Twelve weeks after colectomy, the patient experienced abdominal fullness and was hospitalized. Abdominal CT showed moderate ascites fluid and ovarian tumor measuring 10.9 × 10.1 × 7.7 cm, which indicated ovarian metastasis (Fig. 3a). We conducted bilateral oophorectomy. Histopathology revealed that the left ovarian tumor consisted of moderately differentiated adenocarcinoma growing in tubular and papillary patterns, resembling the features of the primary tumor. Furthermore, the tumor exhibited characteristics of ovarian metastasis from colorectal carcinoma, such as garland pattern and dirty necrosis (Fig. 3b) [8]. So, we diagnosed the ovary tumor as metastatic colon cancer. Intraoperative cytological examination of ascites was class V (R1 resection). After surgery, we chose aflibercept + FOLFIRI therapy every 2 weeks considering the possibility of resistance to bevacizumab; the massive ovarian metastasis with carcinomatous ascites occurred three months after the last surgery.

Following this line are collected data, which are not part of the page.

lemma point_in_heads_iff:
  assumes "x \<in> (\<Union>c\<in>T. ends c)"
  shows "x \<in> chead ` T \<longleftrightarrow> over (chord_at T x) \<noteq> arc_of N A x"
proof -
  obtain c where c: "c \<in> T" "x \<in> ends c" using assms by blast
  have "chord_at T x = c" using c ends_disjoint by (rule chord_at_eqI)
  moreover have "x \<in> chead ` T \<longleftrightarrow> x = chead c"
    using c ends_disjoint tail_ne_head by (auto simp: ends_def)
  ultimately show ?thesis using c(2) over_ne_under[OF c(1)] by (auto simp: ends_def)
qed

lemma point_in_tails_iff:
  assumes "x \<in> (\<Union>c\<in>T. ends c)"
  shows "x \<in> ctail ` T \<longleftrightarrow> over (chord_at T x) = arc_of N A x"
proof -
  obtain c where c: "c \<in> T" "x \<in> ends c" using assms by blast
  have "chord_at T x = c" using c ends_disjoint by (rule chord_at_eqI)
  moreover have "x \<in> ctail ` T \<longleftrightarrow> x = ctail c"
    using c ends_disjoint tail_ne_head by (auto simp: ends_def)
  ultimately show ?thesis using c(2) over_ne_under[OF c(1)] by (auto simp: ends_def)
qed

lemma arc_in_heads_iff:
  "arc N a1 \<subseteq> chead ` T \<longleftrightarrow> over k12 \<noteq> a1 \<and> over k13 \<noteq> a1"
  "arc N a2 \<subseteq> chead ` T \<longleftrightarrow> over k12 \<noteq> a2 \<and> over k23 \<noteq> a2"
  "arc N a3 \<subseteq> chead ` T \<longleftrightarrow> over k13 \<noteq> a3 \<and> over k23 \<noteq> a3"
  by (simp_all add: arcs point_in_heads_iff points_covered chord_at_points arc_of_points; blast)+

lemma arc_in_tails_iff:
  "arc N a1 \<subseteq> ctail ` T \<longleftrightarrow> over k12 = a1 \<and> over k13 = a1"
  "arc N a2 \<subseteq> ctail ` T \<longleftrightarrow> over k12 = a2 \<and> over k23 = a2"
  "arc N a3 \<subseteq> ctail ` T \<longleftrightarrow> over k13 = a3 \<and> over k23 = a3"
  by (simp_all add: arcs point_in_tails_iff points_covered chord_at_points arc_of_points; blast)+

text \<open>A head and a tail on the same arc always come from different chords, since no chord of T
  has both ends on one arc.\<close>
lemma arc_mixed_iff:
  assumes "a \<in> A"
  shows "(\<exists>c\<in>T. \<exists>d\<in>T. c \<noteq> d \<and> chead c \<in> arc N a \<and> ctail d \<in> arc N a)
    \<longleftrightarrow> \<not> arc N a \<subseteq> chead ` T \<and> \<not> arc N a \<subseteq> ctail ` T"
proof
  assume "\<exists>c\<in>T. \<exists>d\<in>T. c \<noteq> d \<and> chead c \<in> arc N a \<and> ctail d \<in> arc N a"
  then obtain c d where cd: "c \<in> T" "d \<in> T" "chead c \<in> arc N a" "ctail d \<in> arc N a"
    by blast
  have "chead c \<notin> ctail ` T" "ctail d \<notin> chead ` T"
    using head_ne_tail[OF ends_disjoint tail_ne_head] cd(1,2) by (metis imageE)+
  then show "\<not> arc N a \<subseteq> chead ` T \<and> \<not> arc N a \<subseteq> ctail ` T"
    using cd(3,4) by blast
next
  assume not_uniform: "\<not> arc N a \<subseteq> chead ` T \<and> \<not> arc N a \<subseteq> ctail ` T"
  have covered: "arc N a \<subseteq> chead ` T \<union> ctail ` T"
    using assms points_covered by (auto simp: A_eq arcs ends_def)
  obtain x y where "x \<in> arc N a" "x \<notin> chead ` T" "y \<in> arc N a" "y \<notin> ctail ` T"
    using not_uniform by blast
  then obtain c d where cd: "c \<in> T" "d \<in> T" "chead c \<in> arc N a" "ctail d \<in> arc N a"
    using covered by blast
  have "under c = a" "over d = a"
    using arc_of_eqI[OF assms cd(3) arcs_disjoint] arc_of_eqI[OF assms cd(4) arcs_disjoint] .
  then have "c \<noteq> d" using over_ne_under[OF cd(1)] by metis
  then show "\<exists>c\<in>T. \<exists>d\<in>T. c \<noteq> d \<and> chead c \<in> arc N a \<and> ctail d \<in> arc N a"
    using cd by blast
qed

lemma matched_iff: "matched N T A \<longleftrightarrow> \<not> overpasses_cyclic"
proof -
  have bex_A: "(\<exists>x\<in>A. P x) \<longleftrightarrow> P a1 \<or> P a2 \<or> P a3" for P by (simp add: A_eq)
  have "matched N T A \<longleftrightarrow> (\<exists>ah\<in>A. \<exists>atl\<in>A. \<exists>am\<in>A. ah \<noteq> atl \<and> ah \<noteq> am \<and> atl \<noteq> am
     \<and> arc N ah \<subseteq> chead ` T \<and> arc N atl \<subseteq> ctail ` T
     \<and> \<not> arc N am \<subseteq> chead ` T \<and> \<not> arc N am \<subseteq> ctail ` T)"
    unfolding matched_def using arc_mixed_iff by meson
  also have "\<dots> \<longleftrightarrow> \<not> overpasses_cyclic"
  proof -
    have "over k12 = a2 \<longleftrightarrow> over k12 \<noteq> a1" "over k13 = a3 \<longleftrightarrow> over k13 \<noteq> a1"
      "over k23 = a3 \<longleftrightarrow> over k23 \<noteq> a2"
      using over_under_k12 over_under_k13 over_under_k23 points_ne by auto
    then show ?thesis
      unfolding bex_A arc_in_heads_iff arc_in_tails_iff
      using points_ne by (simp add: eq_commute[of a2 a1] eq_commute[of a3 a1] eq_commute[of a3 a2]) blast
  qed
  finally show ?thesis .
qed

lemma crosses_in_triple:
  "crosses k12 k13 = b1" "crosses k13 k12 = b1" "crosses k12 k23 = (\<not> b2)"
  "crosses k23 k12 = (\<not> b2)" "crosses k13 k23 = b3" "crosses k23 k13 = b3"
  using counterclockwise
  by (cases b1; cases b2; cases b3;
      auto simp: crosses_by_ends[OF ends_k12 ends_k13] crosses_by_ends[OF ends_k13 ends_k12]
        crosses_by_ends[OF ends_k12 ends_k23] crosses_by_ends[OF ends_k23 ends_k12]
        crosses_by_ends[OF ends_k13 ends_k23] crosses_by_ends[OF ends_k23 ends_k13]
        points_ne points_ne[symmetric] cyc_between_def)+

lemma parities:
  "parity T k12 = - sign_of b1 * sign_of b2"
  "parity T k13 = sign_of b1 * sign_of b3"
  "parity T k23 = - sign_of b2 * sign_of b3"
  using parity_in_triple[of T k12 k13 k23] parity_in_triple[of T k13 k12 k23]
    parity_in_triple[of T k23 k12 k13] chords_distinct
  by (simp_all add: T_eq insert_commute crosses_in_triple sign_of_def)

lemma directions:
  "direction N A k12 = sign_of (over k12 = a1)"
  "direction N A k13 = - sign_of (over k13 = a1)"
  "direction N A k23 = sign_of (over k23 = a2)"
proof -
  have "a1 < a2" "a2 < a3" using counterclockwise by linarith+
  then have next_arcs: "next_arc A a1 = a2" "next_arc A a2 = a3" "next_arc A a3 = a1"
    unfolding A_eq by (rule next_arc_of_three)+
  show "direction N A k12 = sign_of (over k12 = a1)"
    using over_under_k12 points_ne
    by (elim disjE conjE) (simp_all add: direction_def sign_of_def next_arcs)
  show "direction N A k13 = - sign_of (over k13 = a1)"
    using over_under_k13 points_ne
    by (elim disjE conjE) (simp_all add: direction_def sign_of_def next_arcs)
  show "direction N A k23 = sign_of (over k23 = a2)"
    using over_under_k23 points_ne
    by (elim disjE conjE) (simp_all add: direction_def sign_of_def next_arcs)
qed

lemma three_signs:
  "three_sign N T A k12 = - (sign_of b1 * sign_of b2 * crossing_sign k12 a1)"
  "three_sign N T A k13 = - (sign_of b1 * sign_of b3 * crossing_sign k13 a1)"
  "three_sign N T A k23 = - (sign_of b2 * sign_of b3 * crossing_sign k23 a2)"
  by (simp_all add: three_sign_def parities directions algebra_simps)

lemma equal_three_signs_iff:
  "(\<forall>c\<in>T. \<forall>d\<in>T. three_sign N T A c = three_sign N T A d) \<longleftrightarrow> sign_products_agree"
  unfolding constant_on_triple_iff[OF T_eq] three_signs by simp

lemma strand_heights_iff: "(\<exists>h. strand_heights N T A h) \<longleftrightarrow> \<not> overpasses_cyclic"
proof -
  have "(\<forall>c\<in>T. h (under c) < h (over c)) \<longleftrightarrow>
      (if over k12 = a1 then h a2 < h a1 else h a1 < h a2)
      \<and> (if over k13 = a1 then h a3 < h a1 else h a1 < h a3)
      \<and> (if over k23 = a2 then h a3 < h a2 else h a2 < h a3)" for h :: "nat \<Rightarrow> real"
    unfolding T_eq
    by (simp add: height_of_oriented_pair[OF over_under_k12] height_of_oriented_pair[OF over_under_k13]
        height_of_oriented_pair[OF over_under_k23] points_ne)
  then show ?thesis
    unfolding strand_heights_def
    using exists_heights_iff_acyclic[of a1 a2 a3] distinct_points by (simp add: A_eq)
qed

lemma planar_strands_conditions:
  assumes "planar_strands N T A P V X"
  shows "cross2 (V a1) (V a2) \<noteq> 0" "cross2 (V a1) (V a3) \<noteq> 0" "cross2 (V a2) (V a3) \<noteq> 0"
    and "on_line (P a1) (V a1) (X k12)" "on_line (P a2) (V a2) (X k12)"
      "on_line (P a1) (V a1) (X k13)" "on_line (P a3) (V a3) (X k13)"
      "on_line (P a2) (V a2) (X k23)" "on_line (P a3) (V a3) (X k23)"
    and "sgn (cross2 (V a1) (V a2)) = of_int (crossing_sign k12 a1)"
      "sgn (cross2 (V a1) (V a3)) = of_int (crossing_sign k13 a1)"
      "sgn (cross2 (V a2) (V a3)) = of_int (crossing_sign k23 a2)"
    and "sgn (dot2 (vector_from (X k12) (X k13)) (V a1)) = of_int (sign_of b1)"
      "sgn (dot2 (vector_from (X k12) (X k23)) (V a2)) = of_int (sign_of b2)"
      "sgn (dot2 (vector_from (X k13) (X k23)) (V a3)) = of_int (sign_of b3)"
proof -
  note strands = assms[unfolded planar_strands_def]
  show "cross2 (V a1) (V a2) \<noteq> 0" "cross2 (V a1) (V a3) \<noteq> 0" "cross2 (V a2) (V a3) \<noteq> 0"
    using strands points_ne by (simp_all add: A_eq)
  have on_lines: "on_line (P (over c)) (V (over c)) (X c) \<and> on_line (P (under c)) (V (under c)) (X c)"
    and crossing: "real_of_int (csign c) = sgn (cross2 (V (over c)) (V (under c)))"
    if "c \<in> T" for c
    using strands that by blast+
  have k: "k12 \<in> T" "k13 \<in> T" "k23 \<in> T" by (simp_all add: T_eq)
  show "on_line (P a1) (V a1) (X k12)" "on_line (P a2) (V a2) (X k12)"
      "on_line (P a1) (V a1) (X k13)" "on_line (P a3) (V a3) (X k13)"
      "on_line (P a2) (V a2) (X k23)" "on_line (P a3) (V a3) (X k23)"
    using on_lines[OF k(1)] on_lines[OF k(2)] on_lines[OF k(3)]
    unfolding on_lines_of_oriented_pair[OF over_under_k12] on_lines_of_oriented_pair[OF over_under_k13]
      on_lines_of_oriented_pair[OF over_under_k23] by simp_all
  show "sgn (cross2 (V a1) (V a2)) = of_int (crossing_sign k12 a1)"
    using crossing[OF k(1)] by (simp only: crossing_sign_of_oriented_pair[OF over_under_k12 points_ne(2)])
  show "sgn (cross2 (V a1) (V a3)) = of_int (crossing_sign k13 a1)"
    using crossing[OF k(2)] by (simp only: crossing_sign_of_oriented_pair[OF over_under_k13 points_ne(4)])
  show "sgn (cross2 (V a2) (V a3)) = of_int (crossing_sign k23 a2)"
    using crossing[OF k(3)] by (simp only: crossing_sign_of_oriented_pair[OF over_under_k23 points_ne(11)])
  have "\<forall>a\<in>{a1, a2, a3}. dot2 (vector_from (X (chord_at T a)) (X (chord_at T (Suc a mod N)))) (V a) > 0"
    using strands unfolding A_eq by blast
  then show "sgn (dot2 (vector_from (X k12) (X k13)) (V a1)) = of_int (sign_of b1)"
      "sgn (dot2 (vector_from (X k12) (X k23)) (V a2)) = of_int (sign_of b2)"
      "sgn (dot2 (vector_from (X k13) (X k23)) (V a3)) = of_int (sign_of b3)"
    by (simp_all add: chord_at_points flip: second_points add: order_sign_of_choice)
qed

lemma planar_strands_imp_sign_products_agree:
  assumes "planar_strands N T A P V X"
  shows sign_products_agree
proof -
  note conditions = planar_strands_conditions[OF assms]
  from crossing_order_sign_relations[OF conditions(4-9) conditions(1-3)]
  show ?thesis
    unfolding conditions(10-15) of_int_mult[symmetric] of_int_eq_iff by (rule conjI)
qed

lemma planar_strands_of_three_lines:
  assumes lines: "on_line P1 V1 X12" "on_line P2 V2 X12" "on_line P1 V1 X13" "on_line P3 V3 X13"
      "on_line P2 V2 X23" "on_line P3 V3 X23"
    and crossings: "sgn (cross2 V1 V2) = of_int (crossing_sign k12 a1)"
      "sgn (cross2 V1 V3) = of_int (crossing_sign k13 a1)"
      "sgn (cross2 V2 V3) = of_int (crossing_sign k23 a2)"
    and orders: "sgn (dot2 (vector_from X12 X13) V1) = of_int (sign_of b1)"
      "sgn (dot2 (vector_from X12 X23) V2) = of_int (sign_of b2)"
      "sgn (dot2 (vector_from X13 X23) V3) = of_int (sign_of b3)"
  shows "\<exists>P V X. planar_strands N T A P V X"
proof -
  define P where "P a = (if a = a1 then P1 else if a = a2 then P2 else P3)" for a
  define V where "V a = (if a = a1 then V1 else if a = a2 then V2 else V3)" for a
  define X where "X c = (if c = k12 then X12 else if c = k13 then X13 else X23)" for c
  have at_arcs: "P a1 = P1" "P a2 = P2" "P a3 = P3" "V a1 = V1" "V a2 = V2" "V a3 = V3"
    and at_chords: "X k12 = X12" "X k13 = X13" "X k23 = X23"
    using points_ne chords_distinct by (simp_all add: P_def V_def X_def)
  have nonzero: "sgn (cross2 V1 V2) \<noteq> 0" "sgn (cross2 V1 V3) \<noteq> 0" "sgn (cross2 V2 V3) \<noteq> 0"
      "sgn (dot2 (vector_from X12 X13) V1) \<noteq> 0" "sgn (dot2 (vector_from X12 X23) V2) \<noteq> 0"
      "sgn (dot2 (vector_from X13 X23) V3) \<noteq> 0"
    using csign_cases[of k12] csign_cases[of k13] csign_cases[of k23]
    unfolding crossings orders by (auto simp: T_eq sign_of_def)
  have "planar_strands N T A P V X"
    unfolding planar_strands_def
  proof (intro conjI)
    show "\<forall>a\<in>A. \<forall>b\<in>A. a \<noteq> b \<longrightarrow> cross2 (V a) (V b) \<noteq> 0"
      using nonzero(1-3) points_ne
      by (auto simp: A_eq at_arcs cross2_antisym[of V2 V1] cross2_antisym[of V3 V1]
          cross2_antisym[of V3 V2])
    have "X12 \<noteq> X13" "X12 \<noteq> X23" "X13 \<noteq> X23"
      using nonzero(4-6) by (auto dest: distinct_if_dot2_nonzero)
    then show "inj_on X T"
      using chords_distinct by (simp add: T_eq at_chords)
    show "\<forall>c\<in>T. on_line (P (over c)) (V (over c)) (X c) \<and> on_line (P (under c)) (V (under c)) (X c)
        \<and> real_of_int (csign c) = sgn (cross2 (V (over c)) (V (under c)))"
      unfolding T_eq using lines crossings
      by (simp add: on_lines_of_oriented_pair[OF over_under_k12]
          on_lines_of_oriented_pair[OF over_under_k13] on_lines_of_oriented_pair[OF over_under_k23]
          crossing_sign_of_oriented_pair[OF over_under_k12 points_ne(2)]
          crossing_sign_of_oriented_pair[OF over_under_k13 points_ne(4)]
          crossing_sign_of_oriented_pair[OF over_under_k23 points_ne(11)] at_arcs at_chords)
    show "\<forall>a\<in>A. dot2 (vector_from (X (chord_at T a)) (X (chord_at T (Suc a mod N)))) (V a) > 0"
      unfolding A_eq using orders
      by (simp add: chord_at_points order_sign_of_choice at_arcs at_chords flip: second_points)
  qed
  then show ?thesis by blast
qed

One cycle of aflibercept + FOLFIRI regimen consisted of intravenous infusion of aflibercept (4 mg/kg) followed by irinotecan (150 mg/m2), infusion of levofolinate (200 mg/m2), and a 400 mg/m2 bolus and 46-h continuous infusion (2400 mg/m2) of 5-fluorouracil. There was no sign of recurrence or metastases for 2 years (Fig. 3c). Therefore, we decided to discontinue aflibercept + FOLFIRI therapy (total 36 cycles) and continued follow-up without chemotherapy.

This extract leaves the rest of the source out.